• _WORK ORDER_:
Copy the records below character for character.

Stored items:

-=-=-

(* Let $G$ be a finite group and $p$ a prime. If $G$ contains a central nonidentity $p$-subgroup, then $\chi(\mathcal F^*_G)=1$ and $\chi(\mathcal L^*_G)=|G:O^pG|^{-1}$.
   Context: $N_G(H,K)=\{g\in G: g^{-1}Hg\le K\}$; $O^p(X)$ is the smallest normal subgroup of $X$ with $p$-group quotient. $\mathcal F^*_G$ and $\mathcal L^*_G$ have as objects the nonidentity $p$-subgroups of $G$, with $\mathcal F^*_G(H,K)=C_G(H)\backslash N_G(H,K)$ and $\mathcal L^*_G(H,K)=O^p(C_G(H))\backslash N_G(H,K)$, composition induced by multiplication. $\chi$ is Leinster's Euler characteristic: for a finite category $\mathcal C$, a weighting is $k^\bullet$ with $\sum_b|\mathcal C(a,b)|k^b=1$ for all $a$, a coweighting is $k_\bullet$ with $\sum_ak_a|\mathcal C(a,b)|=1$ for all $b$, and if both exist $\chi(\mathcal C)=\sum_bk^b=\sum_ak_a$. *)

theory Defs
  imports "HOL-Algebra.Algebra" "HOL-Computational_Algebra.Primes"
begin

definition p_subgroup :: "('a, 'b) monoid_scheme \<Rightarrow> nat \<Rightarrow> 'a set \<Rightarrow> bool" where
  "p_subgroup G p H \<longleftrightarrow> subgroup H G \<and> finite H \<and> (\<exists>n. card H = p ^ n)"

definition nonid_p_subgroups :: "('a, 'b) monoid_scheme \<Rightarrow> nat \<Rightarrow> 'a set set" where
  "nonid_p_subgroups G p = {H. p_subgroup G p H \<and> H \<noteq> {\<one>\<^bsub>G\<^esub>}}"

definition centralizer :: "('a, 'b) monoid_scheme \<Rightarrow> 'a set \<Rightarrow> 'a set" where
  "centralizer G H = {g \<in> carrier G. \<forall>h\<in>H. g \<otimes>\<^bsub>G\<^esub> h = h \<otimes>\<^bsub>G\<^esub> g}"

definition transporter :: "('a, 'b) monoid_scheme \<Rightarrow> 'a set \<Rightarrow> 'a set \<Rightarrow> 'a set" where
  "transporter G H K = {g \<in> carrier G. (\<forall>h\<in>H. inv\<^bsub>G\<^esub> g \<otimes>\<^bsub>G\<^esub> h \<otimes>\<^bsub>G\<^esub> g \<in> K)}"

(* O^p(Y) for a subgroup Y of G: the smallest normal subgroup of X with p-group quotient,
   i.e. the intersection of all such normal subgroups; the quotient Y/N is
   the set of cosets N g, g in Y *)
definition Op :: "('a, 'b) monoid_scheme \<Rightarrow> nat \<Rightarrow> 'a set \<Rightarrow> 'a set" where
  "Op G p Y = \<Inter> {N. normal N (G\<lparr>carrier := Y\<rparr>) \<and>
                     (\<exists>n. card ((\<lambda>g. N #>\<^bsub>G\<^esub> g) ` Y) = p ^ n)}"

(* orbit set A \ B = {A g | g in B} (right cosets A g) *)
definition left_orbits :: "('a, 'b) monoid_scheme \<Rightarrow> 'a set \<Rightarrow> 'a set \<Rightarrow> 'a set set" where
  "left_orbits G A B = (\<lambda>g. A #>\<^bsub>G\<^esub> g) ` B"

definition F_hom :: "('a, 'b) monoid_scheme \<Rightarrow> 'a set \<Rightarrow> 'a set \<Rightarrow> 'a set set" where
  "F_hom G H K = left_orbits G (centralizer G H) (transporter G H K)"

definition L_hom :: "('a, 'b) monoid_scheme \<Rightarrow> nat \<Rightarrow> 'a set \<Rightarrow> 'a set \<Rightarrow> 'a set set" where
  "L_hom G p H K = left_orbits G (Op G p (centralizer G H)) (transporter G H K)"

(* Leinster weightings and coweightings of a finite category, given by its
   (finite) object set and Hm-sets *)
definition is_weighting :: "'o set \<Rightarrow> ('o \<Rightarrow> 'o \<Rightarrow> 'm set) \<Rightarrow> ('o \<Rightarrow> real) \<Rightarrow> bool" where
  "is_weighting Ob Hm k \<longleftrightarrow> (\<forall>a\<in>Ob. (\<Sum>b\<in>Ob. real (card (Hm a b)) * k b) = 1)"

-=-=-

• _FINISHED TASK_:
(* Let $G$ be a finite group and $p$ a prime. If $G$ contains a central nonidentity $p$-subgroup, then $\chi(\mathcal F^*_G)=1$ and $\chi(\mathcal L^*_G)=|G:O^pG|^{-1}$.
   Context: $N_G(H,K)=\{g\in G: g^{-1}Hg\le K\}$; $O^p(X)$ is the smallest normal subgroup of $X$ with $p$-group quotient. $\mathcal F^*_G$ and $\mathcal L^*_G$ have as objects the nonidentity $p$-subgroups of $G$, with $\mathcal F^*_G(H,K)=C_G(H)\backslash N_G(H,K)$ and $\mathcal L^*_G(H,K)=O^p(C_G(H))\backslash N_G(H,K)$, composition induced by multiplication. $\chi$ is Leinster's Euler characteristic: for a finite category $\mathcal C$, a weighting is $k^\bullet$ with $\sum_b|\mathcal C(a,b)|k^b=1$ for all $a$, a coweighting is $k_\bullet$ with $\sum_ak_a|\mathcal C(a,b)|=1$ for all $b$, and if both exist $\chi(\mathcal C)=\sum_bk^b=\sum_ak_a$. *)

theory Defs
  imports "HOL-Algebra.Algebra" "HOL-Computational_Algebra.Primes"
begin

definition p_subgroup :: "('a, 'b) monoid_scheme \<Rightarrow> nat \<Rightarrow> 'a set \<Rightarrow> bool" where
  "p_subgroup G p H \<longleftrightarrow> subgroup H G \<and> finite H \<and> (\<exists>n. card H = p ^ n)"

definition nonid_p_subgroups :: "('a, 'b) monoid_scheme \<Rightarrow> nat \<Rightarrow> 'a set set" where
  "nonid_p_subgroups G p = {H. p_subgroup G p H \<and> H \<noteq> {\<one>\<^bsub>G\<^esub>}}"

definition centralizer :: "('a, 'b) monoid_scheme \<Rightarrow> 'a set \<Rightarrow> 'a set" where
  "centralizer G H = {g \<in> carrier G. \<forall>h\<in>H. g \<otimes>\<^bsub>G\<^esub> h = h \<otimes>\<^bsub>G\<^esub> g}"

definition transporter :: "('a, 'b) monoid_scheme \<Rightarrow> 'a set \<Rightarrow> 'a set \<Rightarrow> 'a set" where
  "transporter G H K = {g \<in> carrier G. (\<forall>h\<in>H. inv\<^bsub>G\<^esub> g \<otimes>\<^bsub>G\<^esub> h \<otimes>\<^bsub>G\<^esub> g \<in> K)}"

(* O^p(Y) for a subgroup Y of G: the smallest normal subgroup of X with p-group quotient,
   i.e. the intersection of all such normal subgroups; the quotient Y/N is
   the set of cosets N g, g in Y *)
definition Op :: "('a, 'b) monoid_scheme \<Rightarrow> nat \<Rightarrow> 'a set \<Rightarrow> 'a set" where
  "Op G p Y = \<Inter> {N. normal N (G\<lparr>carrier := Y\<rparr>) \<and>
                     (\<exists>n. card ((\<lambda>g. N #>\<^bsub>G\<^esub> g) ` Y) = p ^ n)}"

(* orbit set A \ B = {A g | g in B} (right cosets A g) *)
definition left_orbits :: "('a, 'b) monoid_scheme \<Rightarrow> 'a set \<Rightarrow> 'a set \<Rightarrow> 'a set set" where
  "left_orbits G A B = (\<lambda>g. A #>\<^bsub>G\<^esub> g) ` B"

definition F_hom :: "('a, 'b) monoid_scheme \<Rightarrow> 'a set \<Rightarrow> 'a set \<Rightarrow> 'a set set" where
  "F_hom G H K = left_orbits G (centralizer G H) (transporter G H K)"

definition L_hom :: "('a, 'b) monoid_scheme \<Rightarrow> nat \<Rightarrow> 'a set \<Rightarrow> 'a set \<Rightarrow> 'a set set" where
  "L_hom G p H K = left_orbits G (Op G p (centralizer G H)) (transporter G H K)"

(* Leinster weightings and coweightings of a finite category, given by its
   (finite) object set and Hm-sets *)
definition is_weighting :: "'o set \<Rightarrow> ('o \<Rightarrow> 'o \<Rightarrow> 'm set) \<Rightarrow> ('o \<Rightarrow> real) \<Rightarrow> bool" where
  "is_weighting Ob Hm k \<longleftrightarrow> (\<forall>a\<in>Ob. (\<Sum>b\<in>Ob. real (card (Hm a b)) * k b) = 1)"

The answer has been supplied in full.